▶ [Data extracts]
%%
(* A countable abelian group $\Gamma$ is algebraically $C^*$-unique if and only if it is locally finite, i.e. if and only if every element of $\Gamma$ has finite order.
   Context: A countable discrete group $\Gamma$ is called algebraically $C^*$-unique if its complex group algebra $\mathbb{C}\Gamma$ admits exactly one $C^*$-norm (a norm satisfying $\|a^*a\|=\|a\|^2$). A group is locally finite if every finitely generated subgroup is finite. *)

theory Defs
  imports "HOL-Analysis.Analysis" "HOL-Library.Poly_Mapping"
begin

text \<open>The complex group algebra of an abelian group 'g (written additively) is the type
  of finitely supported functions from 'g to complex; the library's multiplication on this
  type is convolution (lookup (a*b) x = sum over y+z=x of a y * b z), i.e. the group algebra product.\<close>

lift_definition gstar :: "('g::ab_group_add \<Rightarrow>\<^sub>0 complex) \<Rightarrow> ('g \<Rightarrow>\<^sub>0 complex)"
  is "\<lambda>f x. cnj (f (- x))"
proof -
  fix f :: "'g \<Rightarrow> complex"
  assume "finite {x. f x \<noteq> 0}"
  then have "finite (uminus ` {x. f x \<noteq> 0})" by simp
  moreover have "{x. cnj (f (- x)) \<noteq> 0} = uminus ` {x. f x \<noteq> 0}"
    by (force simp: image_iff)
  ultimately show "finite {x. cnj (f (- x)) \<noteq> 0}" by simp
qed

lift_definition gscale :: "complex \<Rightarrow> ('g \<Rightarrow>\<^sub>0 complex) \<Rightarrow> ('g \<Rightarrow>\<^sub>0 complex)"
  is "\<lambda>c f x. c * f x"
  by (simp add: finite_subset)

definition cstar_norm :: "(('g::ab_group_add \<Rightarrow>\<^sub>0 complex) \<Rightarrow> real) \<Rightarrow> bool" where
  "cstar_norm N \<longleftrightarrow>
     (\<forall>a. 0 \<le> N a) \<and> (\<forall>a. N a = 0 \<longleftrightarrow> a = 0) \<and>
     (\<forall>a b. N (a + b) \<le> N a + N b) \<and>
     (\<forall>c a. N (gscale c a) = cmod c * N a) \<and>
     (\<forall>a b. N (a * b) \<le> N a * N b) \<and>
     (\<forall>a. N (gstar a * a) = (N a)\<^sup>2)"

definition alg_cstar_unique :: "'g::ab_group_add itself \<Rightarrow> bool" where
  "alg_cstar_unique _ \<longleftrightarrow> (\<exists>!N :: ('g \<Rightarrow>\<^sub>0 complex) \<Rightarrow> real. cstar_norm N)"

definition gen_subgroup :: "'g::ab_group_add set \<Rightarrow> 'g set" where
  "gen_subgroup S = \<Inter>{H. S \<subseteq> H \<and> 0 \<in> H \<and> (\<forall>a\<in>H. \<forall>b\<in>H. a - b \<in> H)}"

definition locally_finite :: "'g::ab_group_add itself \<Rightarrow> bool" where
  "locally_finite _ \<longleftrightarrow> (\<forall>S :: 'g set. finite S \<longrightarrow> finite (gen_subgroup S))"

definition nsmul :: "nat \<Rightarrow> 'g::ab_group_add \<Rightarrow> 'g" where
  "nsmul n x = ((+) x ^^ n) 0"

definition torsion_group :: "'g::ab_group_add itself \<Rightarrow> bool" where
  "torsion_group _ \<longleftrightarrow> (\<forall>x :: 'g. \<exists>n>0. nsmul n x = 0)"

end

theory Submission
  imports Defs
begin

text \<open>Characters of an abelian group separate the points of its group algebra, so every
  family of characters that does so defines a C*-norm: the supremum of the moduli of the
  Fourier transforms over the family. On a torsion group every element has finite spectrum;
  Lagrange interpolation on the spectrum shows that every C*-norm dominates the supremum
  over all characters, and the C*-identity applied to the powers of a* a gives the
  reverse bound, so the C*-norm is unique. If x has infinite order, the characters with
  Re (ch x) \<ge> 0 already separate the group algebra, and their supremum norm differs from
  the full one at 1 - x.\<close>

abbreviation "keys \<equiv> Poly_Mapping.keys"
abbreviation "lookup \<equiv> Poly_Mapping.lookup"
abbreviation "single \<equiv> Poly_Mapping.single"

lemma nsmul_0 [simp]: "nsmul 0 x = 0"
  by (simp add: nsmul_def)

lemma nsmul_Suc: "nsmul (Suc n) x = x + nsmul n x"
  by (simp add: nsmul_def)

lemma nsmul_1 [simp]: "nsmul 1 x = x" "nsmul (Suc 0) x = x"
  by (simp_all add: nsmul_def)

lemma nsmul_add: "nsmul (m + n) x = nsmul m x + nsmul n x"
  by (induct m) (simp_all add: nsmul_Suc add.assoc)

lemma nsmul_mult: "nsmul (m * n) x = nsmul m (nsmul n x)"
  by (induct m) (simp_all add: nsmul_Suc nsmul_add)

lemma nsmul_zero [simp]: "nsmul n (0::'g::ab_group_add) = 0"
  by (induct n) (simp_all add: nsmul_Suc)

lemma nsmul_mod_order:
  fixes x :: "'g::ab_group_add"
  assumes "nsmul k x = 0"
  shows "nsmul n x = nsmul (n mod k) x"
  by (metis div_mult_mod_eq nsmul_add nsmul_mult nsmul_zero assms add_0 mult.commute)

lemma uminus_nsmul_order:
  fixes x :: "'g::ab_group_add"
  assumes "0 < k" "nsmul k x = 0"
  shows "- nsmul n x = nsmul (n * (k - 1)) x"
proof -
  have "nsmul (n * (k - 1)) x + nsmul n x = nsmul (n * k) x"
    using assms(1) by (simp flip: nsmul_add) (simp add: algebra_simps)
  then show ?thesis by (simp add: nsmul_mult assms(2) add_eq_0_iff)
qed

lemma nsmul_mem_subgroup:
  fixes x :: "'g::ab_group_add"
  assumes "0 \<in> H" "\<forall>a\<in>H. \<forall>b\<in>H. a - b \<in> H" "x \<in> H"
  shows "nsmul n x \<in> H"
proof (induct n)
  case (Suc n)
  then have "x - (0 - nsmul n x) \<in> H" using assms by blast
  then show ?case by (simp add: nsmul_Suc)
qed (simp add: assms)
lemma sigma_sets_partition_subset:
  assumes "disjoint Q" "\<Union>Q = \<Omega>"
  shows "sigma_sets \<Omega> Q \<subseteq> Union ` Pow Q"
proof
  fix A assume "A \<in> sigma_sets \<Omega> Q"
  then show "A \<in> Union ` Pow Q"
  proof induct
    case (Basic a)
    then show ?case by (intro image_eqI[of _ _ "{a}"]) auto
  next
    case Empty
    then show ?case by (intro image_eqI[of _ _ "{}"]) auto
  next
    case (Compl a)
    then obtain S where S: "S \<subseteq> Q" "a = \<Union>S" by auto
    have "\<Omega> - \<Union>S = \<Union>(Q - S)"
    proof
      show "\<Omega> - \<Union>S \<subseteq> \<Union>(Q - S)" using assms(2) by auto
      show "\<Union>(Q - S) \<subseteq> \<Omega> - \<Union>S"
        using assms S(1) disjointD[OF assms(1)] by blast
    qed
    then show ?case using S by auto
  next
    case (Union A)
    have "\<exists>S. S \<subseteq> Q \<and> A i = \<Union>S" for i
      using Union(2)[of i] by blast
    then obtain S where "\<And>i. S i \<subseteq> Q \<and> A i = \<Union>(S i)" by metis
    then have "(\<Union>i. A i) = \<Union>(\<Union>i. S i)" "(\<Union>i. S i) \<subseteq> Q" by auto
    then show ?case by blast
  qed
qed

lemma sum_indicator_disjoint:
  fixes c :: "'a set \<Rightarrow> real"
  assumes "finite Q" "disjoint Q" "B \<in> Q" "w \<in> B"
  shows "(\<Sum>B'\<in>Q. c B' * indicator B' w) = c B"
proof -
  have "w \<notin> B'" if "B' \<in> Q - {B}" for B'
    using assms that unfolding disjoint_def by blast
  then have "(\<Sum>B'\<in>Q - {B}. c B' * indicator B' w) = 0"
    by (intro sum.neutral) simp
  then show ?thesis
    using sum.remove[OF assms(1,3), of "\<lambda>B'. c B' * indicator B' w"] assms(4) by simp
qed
%%
%%
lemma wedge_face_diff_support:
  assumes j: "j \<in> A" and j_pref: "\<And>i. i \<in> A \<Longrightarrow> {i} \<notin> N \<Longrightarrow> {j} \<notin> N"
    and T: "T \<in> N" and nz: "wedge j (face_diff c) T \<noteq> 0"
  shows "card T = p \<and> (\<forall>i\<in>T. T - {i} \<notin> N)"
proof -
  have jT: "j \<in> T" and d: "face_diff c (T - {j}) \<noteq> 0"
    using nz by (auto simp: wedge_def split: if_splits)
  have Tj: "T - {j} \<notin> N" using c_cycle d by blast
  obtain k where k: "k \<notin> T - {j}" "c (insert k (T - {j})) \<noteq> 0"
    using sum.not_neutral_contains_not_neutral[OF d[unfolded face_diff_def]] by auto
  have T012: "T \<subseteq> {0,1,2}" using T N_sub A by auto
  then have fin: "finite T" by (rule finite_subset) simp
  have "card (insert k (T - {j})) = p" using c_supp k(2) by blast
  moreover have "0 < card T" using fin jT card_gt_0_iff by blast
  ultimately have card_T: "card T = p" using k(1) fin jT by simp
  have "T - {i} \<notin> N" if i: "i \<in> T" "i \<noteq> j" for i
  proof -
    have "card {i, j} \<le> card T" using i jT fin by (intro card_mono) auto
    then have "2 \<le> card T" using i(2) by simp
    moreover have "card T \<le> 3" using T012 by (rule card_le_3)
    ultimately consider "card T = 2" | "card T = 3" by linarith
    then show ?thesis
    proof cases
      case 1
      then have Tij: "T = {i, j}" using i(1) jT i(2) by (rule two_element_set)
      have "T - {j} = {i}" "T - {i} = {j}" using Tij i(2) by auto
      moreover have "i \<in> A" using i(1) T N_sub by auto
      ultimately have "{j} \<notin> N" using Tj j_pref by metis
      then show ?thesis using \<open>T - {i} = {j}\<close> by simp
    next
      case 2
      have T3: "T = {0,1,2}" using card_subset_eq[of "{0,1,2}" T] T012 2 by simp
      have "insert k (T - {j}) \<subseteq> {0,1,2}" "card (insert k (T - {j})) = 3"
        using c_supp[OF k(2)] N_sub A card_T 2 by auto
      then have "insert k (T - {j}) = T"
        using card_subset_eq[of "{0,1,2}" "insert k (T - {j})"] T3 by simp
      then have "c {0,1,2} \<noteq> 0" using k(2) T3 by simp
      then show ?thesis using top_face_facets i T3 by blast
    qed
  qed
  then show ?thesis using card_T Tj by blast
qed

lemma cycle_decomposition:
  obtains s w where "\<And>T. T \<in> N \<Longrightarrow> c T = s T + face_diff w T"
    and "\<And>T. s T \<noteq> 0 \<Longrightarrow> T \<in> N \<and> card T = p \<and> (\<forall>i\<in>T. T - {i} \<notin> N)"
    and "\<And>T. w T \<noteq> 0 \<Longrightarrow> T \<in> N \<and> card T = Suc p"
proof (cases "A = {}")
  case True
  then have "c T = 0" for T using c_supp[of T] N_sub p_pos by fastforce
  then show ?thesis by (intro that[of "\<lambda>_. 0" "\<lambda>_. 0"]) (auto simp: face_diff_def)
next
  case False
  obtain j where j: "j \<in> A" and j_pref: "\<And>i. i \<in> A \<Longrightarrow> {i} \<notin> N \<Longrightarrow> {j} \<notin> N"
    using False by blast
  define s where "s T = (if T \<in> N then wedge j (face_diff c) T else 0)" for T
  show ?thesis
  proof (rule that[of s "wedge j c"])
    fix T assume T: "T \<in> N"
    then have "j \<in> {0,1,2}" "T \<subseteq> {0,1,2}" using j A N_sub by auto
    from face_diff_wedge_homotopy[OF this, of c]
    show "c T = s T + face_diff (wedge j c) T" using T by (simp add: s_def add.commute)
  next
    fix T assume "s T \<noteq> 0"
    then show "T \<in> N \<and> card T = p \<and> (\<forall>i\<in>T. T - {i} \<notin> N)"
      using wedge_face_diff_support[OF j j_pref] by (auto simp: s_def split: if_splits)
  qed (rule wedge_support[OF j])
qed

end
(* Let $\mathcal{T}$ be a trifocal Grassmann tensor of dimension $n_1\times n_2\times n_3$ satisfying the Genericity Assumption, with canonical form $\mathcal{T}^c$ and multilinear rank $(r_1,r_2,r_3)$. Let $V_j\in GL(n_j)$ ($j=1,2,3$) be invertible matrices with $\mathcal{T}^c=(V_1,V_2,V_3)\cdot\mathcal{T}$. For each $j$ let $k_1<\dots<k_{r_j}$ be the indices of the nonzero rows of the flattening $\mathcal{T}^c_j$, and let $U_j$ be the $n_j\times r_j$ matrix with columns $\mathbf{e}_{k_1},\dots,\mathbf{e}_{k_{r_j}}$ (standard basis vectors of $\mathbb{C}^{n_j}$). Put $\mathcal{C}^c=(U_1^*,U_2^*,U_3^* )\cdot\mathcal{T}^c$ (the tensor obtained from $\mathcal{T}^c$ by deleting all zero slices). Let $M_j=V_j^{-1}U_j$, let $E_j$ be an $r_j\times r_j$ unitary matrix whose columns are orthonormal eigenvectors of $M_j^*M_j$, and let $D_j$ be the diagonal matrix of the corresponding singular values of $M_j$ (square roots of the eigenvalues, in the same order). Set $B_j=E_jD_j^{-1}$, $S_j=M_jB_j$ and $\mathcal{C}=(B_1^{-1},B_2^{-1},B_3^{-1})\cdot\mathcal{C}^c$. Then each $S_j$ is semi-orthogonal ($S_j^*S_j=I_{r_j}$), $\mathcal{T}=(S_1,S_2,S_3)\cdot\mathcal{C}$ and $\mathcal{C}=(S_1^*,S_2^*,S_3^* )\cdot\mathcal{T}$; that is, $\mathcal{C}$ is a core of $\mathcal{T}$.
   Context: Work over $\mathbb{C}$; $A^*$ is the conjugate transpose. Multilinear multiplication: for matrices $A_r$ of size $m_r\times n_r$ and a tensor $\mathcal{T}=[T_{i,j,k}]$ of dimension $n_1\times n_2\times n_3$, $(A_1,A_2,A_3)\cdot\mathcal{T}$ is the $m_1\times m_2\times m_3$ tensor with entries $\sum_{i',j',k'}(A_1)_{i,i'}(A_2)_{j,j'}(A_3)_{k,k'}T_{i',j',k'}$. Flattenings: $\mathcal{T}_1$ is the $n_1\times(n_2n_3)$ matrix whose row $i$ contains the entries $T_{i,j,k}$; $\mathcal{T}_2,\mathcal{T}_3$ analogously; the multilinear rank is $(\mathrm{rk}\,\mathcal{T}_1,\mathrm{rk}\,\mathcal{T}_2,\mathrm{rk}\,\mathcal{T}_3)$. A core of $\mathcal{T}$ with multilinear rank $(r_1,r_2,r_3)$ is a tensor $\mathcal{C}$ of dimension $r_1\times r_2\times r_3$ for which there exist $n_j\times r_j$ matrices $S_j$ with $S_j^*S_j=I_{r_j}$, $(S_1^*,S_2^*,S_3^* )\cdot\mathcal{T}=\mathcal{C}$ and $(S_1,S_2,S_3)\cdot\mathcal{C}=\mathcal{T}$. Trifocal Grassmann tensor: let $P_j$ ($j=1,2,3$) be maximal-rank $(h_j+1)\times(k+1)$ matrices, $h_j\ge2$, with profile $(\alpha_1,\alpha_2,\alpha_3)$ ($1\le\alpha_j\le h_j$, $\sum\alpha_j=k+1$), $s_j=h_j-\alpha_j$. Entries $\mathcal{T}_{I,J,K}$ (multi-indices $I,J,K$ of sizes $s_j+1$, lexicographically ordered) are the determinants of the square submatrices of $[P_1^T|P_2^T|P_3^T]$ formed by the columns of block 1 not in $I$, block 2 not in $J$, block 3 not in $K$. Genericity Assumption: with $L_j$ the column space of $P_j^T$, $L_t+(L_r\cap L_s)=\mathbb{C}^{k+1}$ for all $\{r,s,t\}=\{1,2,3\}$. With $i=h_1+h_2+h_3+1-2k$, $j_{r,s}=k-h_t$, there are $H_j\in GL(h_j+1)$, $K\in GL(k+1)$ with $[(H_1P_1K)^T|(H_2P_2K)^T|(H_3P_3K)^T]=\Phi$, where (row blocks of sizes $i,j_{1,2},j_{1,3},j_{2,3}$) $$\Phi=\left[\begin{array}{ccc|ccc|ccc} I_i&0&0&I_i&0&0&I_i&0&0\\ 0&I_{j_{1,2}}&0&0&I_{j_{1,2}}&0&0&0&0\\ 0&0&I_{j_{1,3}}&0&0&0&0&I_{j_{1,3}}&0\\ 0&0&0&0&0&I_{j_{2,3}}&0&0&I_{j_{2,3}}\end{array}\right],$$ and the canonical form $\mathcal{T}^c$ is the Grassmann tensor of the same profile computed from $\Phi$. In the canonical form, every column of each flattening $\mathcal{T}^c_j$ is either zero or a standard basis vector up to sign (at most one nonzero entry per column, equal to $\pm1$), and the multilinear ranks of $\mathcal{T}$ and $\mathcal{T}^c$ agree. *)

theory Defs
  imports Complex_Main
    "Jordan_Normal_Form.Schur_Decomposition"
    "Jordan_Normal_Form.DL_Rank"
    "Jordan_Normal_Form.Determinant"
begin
%%
▶ [Exercise description] Among the lines of the material, find those that hold the word "lambda" and copy them.

▶ [Reply]
  is "\<lambda>f x. cnj (f (- x))"
  is "\<lambda>c f x. c * f x"
    using sum.remove[OF assms(1,3), of "\<lambda>B'. c B' * indicator B' w"] assms(4) by simp
  then show ?thesis by (intro that[of "\<lambda>_. 0" "\<lambda>_. 0"]) (auto simp: face_diff_def)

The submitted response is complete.